# Pics of my new Orient Blue 330Ci



## modeboy (Apr 15, 2002)

Ok, here's my first stab at posting pics on this site. I hope I'll get it right the first time, as I know several have had problems when posting their first pics.

Anyway, it's not much. I haven't purchased any add ons, except for wheel locks.  I'll try to post pics of those later. 

I absolutely LOVE the natural brown interior. Coupled with the Myrtle wood, which I normally don't like with an all black or gray interior, I feel it looks really classy. The pics that I've see of Nat. Brown on the web all seem to have a lighter or washed out look. In person, the nat. brown has a bit darker look to it.

I haven't taken any pics of the interior yet, but I'll post them when I do.

Modeboy


----------



## modeboy (Apr 15, 2002)

I forgot to add that I did install Silvervisions in the front and rear. I personally like the all clear look.

They came with a pair of BlueVision 5w bulbs. I assume these are for side marker indicators? Has anyone replaced their orange bulbs with these?

Just curious,

Modeboy


----------



## Redshift (Apr 25, 2002)

Looks great. Its very hard to capture Orient Blue in pictures - in person you can tell, but in most pictures it looks more like black. You did a good job capturing the color itself.

Congrats! Now get some Zaino on there.


----------



## Shinobi (Dec 23, 2001)

*Very Nice*

Congratulations. Obviously my opinion is biased, but I love the coupes. Good color selection as most people go with silver or black it seems. Of course, I love Black and would not have gone any other way.

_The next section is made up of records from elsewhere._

(* Let $X=\{1,\dots,n\}$, $Y$ finite, $Q$ a symmetric irreducible stochastic matrix on $Y$ (notation in context). Let $2\le k\le n-1$, let $\underline a=(a_0,\dots,a_m)$ be a type with $a_0+\cdots+a_m=k+1$ and $a_0\ge1$, $\underline a'=(a_0-1,a_1,\dots,a_m)$, $A\subseteq X$ with $|A|=k$, and $F\in P_{k,\underline a',A}$. Then $$D_{k+1,\underline a}D^*_{k+1,\underline a}F-D^*_{k,\underline a'}D_{k,\underline a'}F=|Y|\,(n+\ell(\underline a)-2k)\,F.$$
   Context: $Q$ acts on $L(Y)$ by $(Qf)(y)=\sum_{y'}q(y,y')f(y')$, with distinct eigenvalues $\lambda_0=1,\dots,\lambda_m$ and eigenspaces $W_0$ (constants), $W_1,\dots,W_m$. $\Theta_k$: functions $\theta$ with $\mathrm{dom}(\theta)$ a $k$-subset of $X$ and values in $Y$; $\varphi\subseteq\theta$ means $\mathrm{dom}\varphi\subseteq\mathrm{dom}\theta$ and $\theta|_{\mathrm{dom}\varphi}=\varphi$. $D_k:L(\Theta_k)\to L(\Theta_{k-1})$, $(D_kF)(\varphi)=\sum_{\theta\supseteq\varphi}F(\theta)$; $D_k^*:L(\Theta_{k-1})\to L(\Theta_k)$, $(D_k^*F)(\theta)=\sum_{\varphi\subseteq\theta}F(\varphi)$. Types $\underline b=(b_0,\dots,b_m)$ of nonnegative integers, $\ell(\underline b)=b_1+\cdots+b_m$, $\underline b'=(b_0-1,b_1,\dots,b_m)$. A fundamental function of type $\underline b$ on a $k$-set $A$ is $F=\bigotimes_{j\in A}F^j$ ($F(\theta)=\prod_{j\in A}F^j(\theta(j))$ on $Y^A$, $0$ elsewhere) with each $F^j$ in some $W_{i_j}$ and exactly $b_i$ indices with $i_j=i$; $P_{k,\underline b,A}$ is their span, $P_{k,\underline b}=\bigoplus_AP_{k,\underline b,A}$ ($\{0\}$ if an entry is negative). $D_{k,\underline b}$ is $D_k$ restricted to $P_{k,\underline b}$ and $D^*_{k,\underline b}$ is $D^*_k$ restricted to $P_{k-1,\underline b'}$. *)

theory Defs
  imports Complex_Main
begin
lemma Hpairs_close:
  assumes "(a, b) \<in> H X Z" "X \<in> Ys" "Z \<in> Ys" "Y \<in> Ys"
    and "Y \<noteq> X" "Y \<noteq> Z" "Y \<noteq> a" "Y \<noteq> b"
  shows "proj_close Y X a \<or> proj_close Y X b" "proj_close Y Z a \<or> proj_close Y Z b"
proof -
  have ab: "a \<in> Ys" "b \<in> Ys" using assms(1) by (auto simp: Hpairs_iff)
  consider (far) "a \<noteq> X" "b \<noteq> X" "a \<noteq> Z" "b \<noteq> Z" "dpi X a b > 2 * xi" "dpi Z a b > 2 * xi"
    | (left) "a = X" "X \<noteq> Z" "b \<noteq> Z" "dpi Z X b > 2 * xi"
    | (right) "b = Z" "X \<noteq> Z" "a \<noteq> X" "dpi X a Z > 2 * xi"
    | (ends) "a = X" "b = Z"
    using assms(1) unfolding Hpairs_iff by argo
  then have "(proj_close Y X a \<or> proj_close Y X b) \<and> (proj_close Y Z a \<or> proj_close Y Z b)"
  proof cases
    case far
    then show ?thesis using close_of_proj_gt[of X a b Y] close_of_proj_gt[of Z a b Y] assms ab by blast
  next
    case left
    then show ?thesis using close_of_proj_gt[of Z X b Y] assms ab by (auto simp: proj_close_def)
  next
    case right
    then show ?thesis using close_of_proj_gt[of X a Z Y] assms ab by (auto simp: proj_close_def)
  qed (auto simp: proj_close_def)
  then show "proj_close Y X a \<or> proj_close Y X b" "proj_close Y Z a \<or> proj_close Y Z b" by auto
qed

lemma proj_le_Hpair_add:
  assumes "(a, b) \<in> H X Z" "X \<in> Ys" "Z \<in> Ys" "Y \<in> Ys" "X \<noteq> Z"
    and "Y \<noteq> X" "Y \<noteq> Z" "Y \<noteq> a" "Y \<noteq> b"
  shows "dpi Y X Z \<le> dpi Y a b + 2 * xi"
proof -
  have ab: "a \<in> Ys" "b \<in> Ys" using assms(1) by (auto simp: Hpairs_iff)
  note close = Hpairs_close[OF assms(1-4,6-9)]
  have nonneg: "0 \<le> dpi Y a b" using proj_nonneg assms ab by auto
  have ba: "dpi Y b a = dpi Y a b" using proj_commute assms ab by auto
  show ?thesis
    using close proj_le_of_close[of Y X Z a b] proj_le_of_close[of Y X Z b a]
      proj_lt_of_close[of Y X Z a] proj_lt_of_close[of Y X Z b] nonneg ba assms ab
    by fastforce
qed

lemma proj_le_dmod_add:
  "\<lbrakk>Y \<in> Ys; X \<in> Ys; Z \<in> Ys; Y \<noteq> X; Y \<noteq> Z; X \<noteq> Z\<rbrakk> \<Longrightarrow> dpi Y X Z \<le> d Y X Z + 2 * xi"
  using dmod_greatest[of Y X Z "dpi Y X Z - 2 * xi"] proj_le_Hpair_add[of _ _ X Z Y] by fastforce

lemma dmod_triangle:
  assumes "Y \<in> Ys" "X \<in> Ys" "Z \<in> Ys" "W \<in> Ys" "distinct [X, Y, Z, W]"
  shows "d Y X W \<le> d Y X Z + d Y Z W + 4 * xi"
proof -
  have "d Y X W \<le> dpi Y X W" using dmod_le_proj assms by auto
  also have "\<dots> \<le> dpi Y X Z + dpi Y Z W" using proj_triangle assms by auto
  also have "\<dots> \<le> d Y X Z + d Y Z W + 4 * xi"
    using proj_le_dmod_add[of Y X Z] proj_le_dmod_add[of Y Z W] assms by fastforce
  finally show ?thesis .
qed

lemma dmod_behrstock:
  "\<lbrakk>X \<in> Ys; Y \<in> Ys; Z \<in> Ys; X \<noteq> Y; Y \<noteq> Z; X \<noteq> Z\<rbrakk> \<Longrightarrow> d Y X Z < xi \<or> d Z X Y < xi"
  using proj_behrstock[of X Y Z] dmod_le_proj[of Y X Z] dmod_le_proj[of Z X Y] by fastforce

lemma dmod_finite:
  assumes "X \<in> Ys" "Z \<in> Ys" "xi \<le> K"
  shows "finite {Y \<in> Ys - {X, Z}. K \<le> d Y X Z}"
proof (rule finite_subset[OF _ proj_finite[OF assms(1,2)]])
  show "{Y \<in> Ys - {X, Z}. K \<le> d Y X Z} \<subseteq> {Y \<in> Ys - {X, Z}. xi \<le> dpi Y X Z}"
    using dmod_le_proj assms by fastforce
qed

lemma dmod_barrier:
  assumes "X0 \<in> Ys" "X1 \<in> Ys" "Z \<in> Ys" "Z \<noteq> X0" "Z \<noteq> X1" "xi \<le> K"
    and "Y \<in> Yset Ys dpi xi K X0 Z" "Y \<in> Yset Ys dpi xi K X1 Z"
  shows "d Z X0 X1 < 2 * xi"
proof -
  have Y: "Y \<in> Ys" "Y \<noteq> X0" "Y \<noteq> X1" "Y \<noteq> Z" "d Y X0 Z > xi" "d Y X1 Z > xi"
    using assms unfolding Yset_def by auto
  have "dpi Z X0 Y < xi" "dpi Z X1 Y < xi"
    using dmod_le_proj[of Y X0 Z] dmod_le_proj[of Y X1 Z] proj_behrstock[of X0 Y Z]
      proj_behrstock[of X1 Y Z] assms Y by force+
  moreover have "dpi Z X0 X1 \<le> dpi Z X0 Y + dpi Z Y X1" using proj_triangle assms Y by auto
  moreover have "dpi Z Y X1 = dpi Z X1 Y" using proj_commute assms Y by auto
  moreover have "d Z X0 X1 \<le> dpi Z X0 X1" using dmod_le_proj assms by auto
  ultimately show ?thesis by linarith
qed

subsection \<open>Monotonicity\<close>

lemma Hpairs_far_from_Yset:
  assumes "U \<in> Yset Ys dpi xi (2 * xi) X Z \<union> {X, Z}" "(a, b) \<in> H X Z"
  shows "U = a \<or> U = b \<or> 2 * xi < dpi U a b"
  using assms dmod_le_proj_pair[OF assms(2), of U] unfolding Yset_def Hpairs_iff by force

lemma Hpairs_transfer:
  assumes "A \<in> Ys" "B \<in> Ys" "A \<noteq> B" "a \<in> Ys" "b \<in> Ys"
    and "A = a \<or> A = b \<or> 2 * xi < dpi A a b" "B = a \<or> B = b \<or> 2 * xi < dpi B a b"
  shows "(a, b) \<in> H A B \<or> (b, a) \<in> H A B"
  using assms proj_commute[of B a b] proj_commute[of A a b] unfolding Hpairs_iff by auto

lemma dmod_mono:
  assumes "X \<in> Ys" "Z \<in> Ys" "W \<in> Ys"
    and "A \<in> Yset Ys dpi xi (2 * xi) X Z \<union> {X, Z}" "B \<in> Yset Ys dpi xi (2 * xi) X Z \<union> {X, Z}"
    and "A \<noteq> B" "W \<noteq> A" "W \<noteq> B" "W \<noteq> X" "W \<noteq> Z"
  shows "d W A B \<le> d W X Z"
proof (rule dmod_greatest)
  fix a b assume h: "(a, b) \<in> H X Z" "a \<noteq> W" "b \<noteq> W"
  have ab: "a \<in> Ys" "b \<in> Ys" using h(1) by (auto simp: Hpairs_iff)
  have AB: "A \<in> Ys" "B \<in> Ys" using assms unfolding Yset_def by auto
  have "(a, b) \<in> H A B \<or> (b, a) \<in> H A B"
    using Hpairs_transfer[OF AB assms(6) ab Hpairs_far_from_Yset[OF _ h(1)]
        Hpairs_far_from_Yset[OF _ h(1)]] assms(4,5) .
  moreover have "dpi W b a = dpi W a b" using proj_commute h ab assms by auto
  ultimately show "d W A B \<le> dpi W a b"
    using dmod_le_proj_pair[of a b A B W] dmod_le_proj_pair[of b a A B W] h assms by auto
qed (use assms in auto)

end

subsection \<open>The order on \<open>\<Y>\<^sub>4\<^sub>\<xi>(X,Z)\<close>\<close>

locale projection_pair = projection_system +
  fixes X Z
  assumes X: "X \<in> Ys" and Z: "Z \<in> Ys" and X_neq_Z: "X \<noteq> Z"
begin

abbreviation "Yfar \<equiv> Yset Ys dpi xi (4 * xi) X Z"
abbreviation "Yfar_ends \<equiv> Yfar \<union> {X, Z}"

definition precedes :: "'a \<Rightarrow> 'a \<Rightarrow> bool" where
  "precedes U V \<longleftrightarrow> dpi U V Z < xi"

definition Yorder :: "('a \<times> 'a) set" where
  "Yorder = {(U, V). U \<in> Yfar_ends \<and> V \<in> Yfar_ends \<and>
     (U = V \<or> U = X \<or> V = Z \<or> (U \<in> Yfar \<and> V \<in> Yfar \<and> precedes U V))}"

lemma YfarD:
  assumes "U \<in> Yfar"
  shows "U \<in> Ys" "U \<noteq> X" "U \<noteq> Z" "d U X Z > 4 * xi" "dpi U X Z > 4 * xi"
proof -
  show U: "U \<in> Ys" "U \<noteq> X" "U \<noteq> Z" "d U X Z > 4 * xi" using assms unfolding Yset_def by auto
  then show "dpi U X Z > 4 * xi" using dmod_le_proj[OF U(1) X Z] by force
qed

lemma Yfar_ends_memD: "U \<in> Yfar_ends \<Longrightarrow> U \<in> Ys"
  using YfarD X Z by auto

lemma precedes_imp_proj_lt:
  assumes "U \<in> Yfar" "V \<in> Yfar" "U \<noteq> V" "precedes V U"
  shows "dpi U X V < xi"
proof -
  note u = YfarD[OF assms(1)] and v = YfarD[OF assms(2)]
  have "dpi V X Z \<le> dpi V X U + dpi V U Z" using proj_triangle u v assms X Z by auto
  then have "dpi V X U > 3 * xi" using assms(4) v(5) unfolding precedes_def by linarith
  then show ?thesis using proj_behrstock[of X U V] u v assms X xi_pos by force
qed

lemma precedes_total:
  assumes "U \<in> Yfar" "V \<in> Yfar" "U \<noteq> V"
  shows "precedes U V \<or> precedes V U"
proof -
  note u = YfarD[OF assms(1)] and v = YfarD[OF assms(2)]
  have "dpi U Z V < xi \<or> dpi V Z U < xi" using proj_behrstock[of Z U V] u v assms Z by auto
  moreover have "dpi V Z U = dpi V U Z" "dpi U Z V = dpi U V Z"
    using proj_commute u v assms Z by auto
  ultimately show ?thesis unfolding precedes_def by auto
qed

lemma precedes_asym:
  assumes "U \<in> Yfar" "V \<in> Yfar" "U \<noteq> V" "precedes U V"
  shows "\<not> precedes V U"
proof
  assume "precedes V U"
  then have "dpi U X V < xi" using precedes_imp_proj_lt assms by blast
  moreover have "dpi U X Z \<le> dpi U X V + dpi U V Z"
    using proj_triangle YfarD[OF assms(1)] YfarD[OF assms(2)] assms X Z by auto
  ultimately show False using assms(4) YfarD(5)[OF assms(1)] xi_pos unfolding precedes_def by linarith
qed

lemma precedes_trans:
  assumes "U \<in> Yfar" "V \<in> Yfar" "W \<in> Yfar" "U \<noteq> V" "V \<noteq> W" "U \<noteq> W"
    and UV: "precedes U V" and VW: "precedes V W"
  shows "precedes U W"
proof (rule ccontr)
  assume "\<not> precedes U W"
  note u = YfarD[OF assms(1)] and v = YfarD[OF assms(2)] and w = YfarD[OF assms(3)]
  have UXW: "dpi U X W < xi"
    using precedes_total \<open>\<not> precedes U W\<close> precedes_imp_proj_lt assms by blast
  have VXU: "dpi V X U < xi" using precedes_imp_proj_lt assms by blast
  have "dpi V X Z \<le> dpi V X U + dpi V U Z" using proj_triangle u v w assms X Z by auto
  moreover have "dpi V U Z \<le> dpi V U W + dpi V W Z" using proj_triangle u v w assms Z by auto
  ultimately have "dpi V U W > 2 * xi" using VXU VW v(5) unfolding precedes_def by linarith
  moreover have "dpi V W U = dpi V U W" using proj_commute u v w assms by auto
  ultimately have UWV: "dpi U W V < xi" using proj_behrstock[of W V U] u v w assms xi_pos by force
  have "dpi U X Z \<le> dpi U X W + dpi U W Z" using proj_triangle u v w assms X Z by auto
  moreover have "dpi U W Z \<le> dpi U W V + dpi U V Z" using proj_triangle u v w assms Z by auto
  ultimately show False using UXW UWV UV u(5) xi_pos unfolding precedes_def by linarith
qed

lemma Yorder_linear: "linear_order_on Yfar_ends Yorder"
proof -
  have X_Z_notin: "X \<notin> Yfar" "Z \<notin> Yfar" using YfarD by auto
  have "trans Yorder"
  proof (rule transI)
    fix U V W assume UV: "(U, V) \<in> Yorder" and VW: "(V, W) \<in> Yorder"
    show "(U, W) \<in> Yorder"
    proof (cases "U = V \<or> V = W \<or> U = X \<or> W = Z \<or> U = W")
      case False
      then have "V \<noteq> Z" "V \<noteq> X" using UV VW X_neq_Z X_Z_notin unfolding Yorder_def by auto
      then show ?thesis using UV VW False precedes_trans[of U V W] unfolding Yorder_def by auto
    qed (use UV VW in \<open>auto simp: Yorder_def\<close>)
  qed
  moreover have "antisym Yorder"
    using precedes_asym X_neq_Z X_Z_notin unfolding Yorder_def antisym_def by blast
  moreover have "total_on Yfar_ends Yorder"
    using precedes_total X_neq_Z X_Z_notin unfolding total_on_def Yorder_def by auto
  moreover have "refl_on Yfar_ends Yorder" "Yorder \<subseteq> Yfar_ends \<times> Yfar_ends"
    unfolding refl_on_def Yorder_def by auto
  ultimately show ?thesis
    unfolding linear_order_on_def partial_order_on_def preorder_on_def by blast
qed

Regardless, Happy Driving! I'm sure you're going to enjoy your car like everyone else here does


----------



## Ack (Mar 16, 2002)

modeboy said:


> *I forgot to add that I did install Silvervisions in the front and rear. I personally like the all clear look.
> 
> They came with a pair of BlueVision 5w bulbs. I assume these are for side marker indicators? Has anyone replaced their orange bulbs with these?
> 
> ...


Modeboy - the car is looking great! :thumb:

I replaced the sidemarkers with Piaa's and they look really nice. Its really easy to install. You have to slide the sidemarker (I believe forward but it could be backwards, its been a little while since I installed them) and then use your fingernail to lift the rear of the sidemarker out.


----------



## AndyXXL (May 15, 2002)

The car looks great. I can't wait to get mine.


----------



## modeboy (Apr 15, 2002)

Ackster said:


> *I replaced the sidemarkers with Piaa's and they look really nice. Its really easy to install. You have to slide the sidemarker (I believe forward but it could be backwards, its been a little while since I installed them) and then use your fingernail to lift the rear of the sidemarker out. *


Are the PIAA's white instead of orange? I guess it's not actually legal to have the white ones in there, right? Yea, I read the manual on how to replace the bulbs there, and you just slide em forward. I may give em a shot and see what the BlueVisions look like in there.

Modeboy


----------



## Ack (Mar 16, 2002)

modeboy said:


> *
> 
> Are the PIAA's white instead of orange? I guess it's not actually legal to have the white ones in there, right? Yea, I read the manual on how to replace the bulbs there, and you just slide em forward. I may give em a shot and see what the BlueVisions look like in there.
> 
> Modeboy *


From what I'm reading/hearing, the white bulbs are legal in the sidemarkers but not in the front and rear turn signals. I'm planning on keeping my front and rear white until the silvervisions come in.


----------



## Mystikal (Dec 20, 2001)

modeboy said:


> *
> 
> Are the PIAA's white instead of orange? I guess it's not actually legal to have the white ones in there, right? Yea, I read the manual on how to replace the bulbs there, and you just slide em forward. I may give em a shot and see what the BlueVisions look like in there.
> 
> Modeboy *


It's actually disturbingly easy to replace the sidemarkers. Literally a 5 second job.


----------



## rbright (Aug 18, 2002)

Can you please tell me.... What are silvervisions?


----------



## IndyMike (Dec 19, 2001)

rbright said:


> *Can you please tell me.... What are silvervisions? *


They are silver colored bulbs that blink amber. They do away with the egg yolk look that the stock bulbs give off when viewed through the clear lenses.


----------



## AF (Dec 21, 2001)

We want interior pics !!!


Congrats . . . great looking car !!!


----------



## alee (Dec 19, 2001)

Stop taking pictures of my car!


----------



## Dr. Phil (Dec 19, 2001)

alee said:


> *Stop taking pictures of my car!     *


Al do you remember what you car looks like:dunno: No driving for you :banghead:

Modeboy looking good:thumbup:


----------